_What you are asked to do_
Write out the data below exactly, beginning with the first line and ending once the line that has "y = (\<Sum>\<^sub>\<infinity>u\<in>S." is written.

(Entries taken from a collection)
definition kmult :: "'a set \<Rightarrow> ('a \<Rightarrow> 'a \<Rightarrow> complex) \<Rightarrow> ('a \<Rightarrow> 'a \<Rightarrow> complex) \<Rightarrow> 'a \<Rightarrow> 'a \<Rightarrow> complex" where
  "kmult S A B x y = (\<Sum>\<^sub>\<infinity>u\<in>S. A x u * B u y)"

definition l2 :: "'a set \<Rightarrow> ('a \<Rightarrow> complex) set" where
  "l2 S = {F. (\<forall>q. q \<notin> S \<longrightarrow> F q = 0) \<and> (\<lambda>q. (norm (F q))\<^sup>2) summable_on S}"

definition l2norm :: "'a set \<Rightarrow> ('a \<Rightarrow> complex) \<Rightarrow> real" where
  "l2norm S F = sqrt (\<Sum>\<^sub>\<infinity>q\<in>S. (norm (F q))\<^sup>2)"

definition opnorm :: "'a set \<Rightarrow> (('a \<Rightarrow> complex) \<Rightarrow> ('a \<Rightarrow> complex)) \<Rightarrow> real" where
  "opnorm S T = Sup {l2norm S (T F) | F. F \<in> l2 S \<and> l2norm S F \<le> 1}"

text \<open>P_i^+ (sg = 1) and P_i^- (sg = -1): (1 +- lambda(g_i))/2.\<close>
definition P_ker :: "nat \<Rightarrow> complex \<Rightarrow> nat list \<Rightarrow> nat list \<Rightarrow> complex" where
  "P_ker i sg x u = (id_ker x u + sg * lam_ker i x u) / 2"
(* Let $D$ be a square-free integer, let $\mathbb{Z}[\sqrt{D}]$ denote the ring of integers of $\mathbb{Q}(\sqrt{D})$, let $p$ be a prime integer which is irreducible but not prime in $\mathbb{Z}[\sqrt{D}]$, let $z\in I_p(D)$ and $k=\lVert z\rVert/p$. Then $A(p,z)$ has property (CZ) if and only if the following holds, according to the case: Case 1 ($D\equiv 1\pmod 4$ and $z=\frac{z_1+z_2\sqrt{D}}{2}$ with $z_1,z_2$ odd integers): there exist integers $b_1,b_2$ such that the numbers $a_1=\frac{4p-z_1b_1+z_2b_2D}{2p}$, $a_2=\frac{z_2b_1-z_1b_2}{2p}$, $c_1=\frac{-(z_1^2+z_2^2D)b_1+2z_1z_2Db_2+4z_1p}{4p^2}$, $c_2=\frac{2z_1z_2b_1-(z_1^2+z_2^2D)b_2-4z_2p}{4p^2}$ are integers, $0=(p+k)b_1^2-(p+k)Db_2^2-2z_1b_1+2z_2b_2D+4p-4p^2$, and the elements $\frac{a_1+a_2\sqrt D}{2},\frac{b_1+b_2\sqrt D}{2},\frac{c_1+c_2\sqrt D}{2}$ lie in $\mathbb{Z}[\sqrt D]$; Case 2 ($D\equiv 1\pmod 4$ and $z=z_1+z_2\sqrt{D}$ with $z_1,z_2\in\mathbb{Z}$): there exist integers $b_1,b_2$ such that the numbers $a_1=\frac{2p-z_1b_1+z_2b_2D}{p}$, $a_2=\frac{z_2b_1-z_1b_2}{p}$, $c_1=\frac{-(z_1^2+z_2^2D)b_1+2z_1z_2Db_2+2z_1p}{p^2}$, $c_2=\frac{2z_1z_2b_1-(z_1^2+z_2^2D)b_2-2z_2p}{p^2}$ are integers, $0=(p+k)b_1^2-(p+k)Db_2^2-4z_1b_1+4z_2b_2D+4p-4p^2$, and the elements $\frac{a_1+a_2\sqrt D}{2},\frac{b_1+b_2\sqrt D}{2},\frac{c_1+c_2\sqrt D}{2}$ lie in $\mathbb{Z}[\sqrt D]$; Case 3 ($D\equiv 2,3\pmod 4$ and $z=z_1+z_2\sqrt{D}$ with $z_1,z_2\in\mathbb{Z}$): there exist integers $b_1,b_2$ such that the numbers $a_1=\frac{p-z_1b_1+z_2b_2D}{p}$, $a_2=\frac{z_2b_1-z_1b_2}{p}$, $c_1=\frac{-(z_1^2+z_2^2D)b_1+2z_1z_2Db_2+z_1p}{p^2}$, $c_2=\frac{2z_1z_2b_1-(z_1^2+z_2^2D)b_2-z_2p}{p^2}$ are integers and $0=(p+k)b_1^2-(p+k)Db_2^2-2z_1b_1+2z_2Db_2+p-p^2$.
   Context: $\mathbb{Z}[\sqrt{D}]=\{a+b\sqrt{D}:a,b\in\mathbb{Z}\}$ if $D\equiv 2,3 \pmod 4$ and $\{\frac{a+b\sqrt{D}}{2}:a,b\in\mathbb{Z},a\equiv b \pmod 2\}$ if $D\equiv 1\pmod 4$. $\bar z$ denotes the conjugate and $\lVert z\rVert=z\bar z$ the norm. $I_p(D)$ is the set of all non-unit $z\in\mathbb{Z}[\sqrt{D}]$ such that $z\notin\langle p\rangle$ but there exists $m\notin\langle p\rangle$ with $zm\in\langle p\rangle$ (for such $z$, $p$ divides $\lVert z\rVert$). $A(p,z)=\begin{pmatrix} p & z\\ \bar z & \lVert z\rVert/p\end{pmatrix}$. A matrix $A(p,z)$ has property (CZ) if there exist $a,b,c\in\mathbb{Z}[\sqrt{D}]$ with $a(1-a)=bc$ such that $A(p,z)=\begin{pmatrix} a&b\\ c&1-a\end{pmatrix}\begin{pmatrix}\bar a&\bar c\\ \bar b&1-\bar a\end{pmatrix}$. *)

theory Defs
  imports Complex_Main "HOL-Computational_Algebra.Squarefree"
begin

_Response to the task_
definition kmult :: "'a set \<Rightarrow> ('a \<Rightarrow> 'a \<Rightarrow> complex) \<Rightarrow> ('a \<Rightarrow> 'a \<Rightarrow> complex) \<Rightarrow> 'a \<Rightarrow> 'a \<Rightarrow> complex" where
  "kmult S A B x y = (\<Sum>\<^sub>\<infinity>u\<in>S. A x u * B u y)"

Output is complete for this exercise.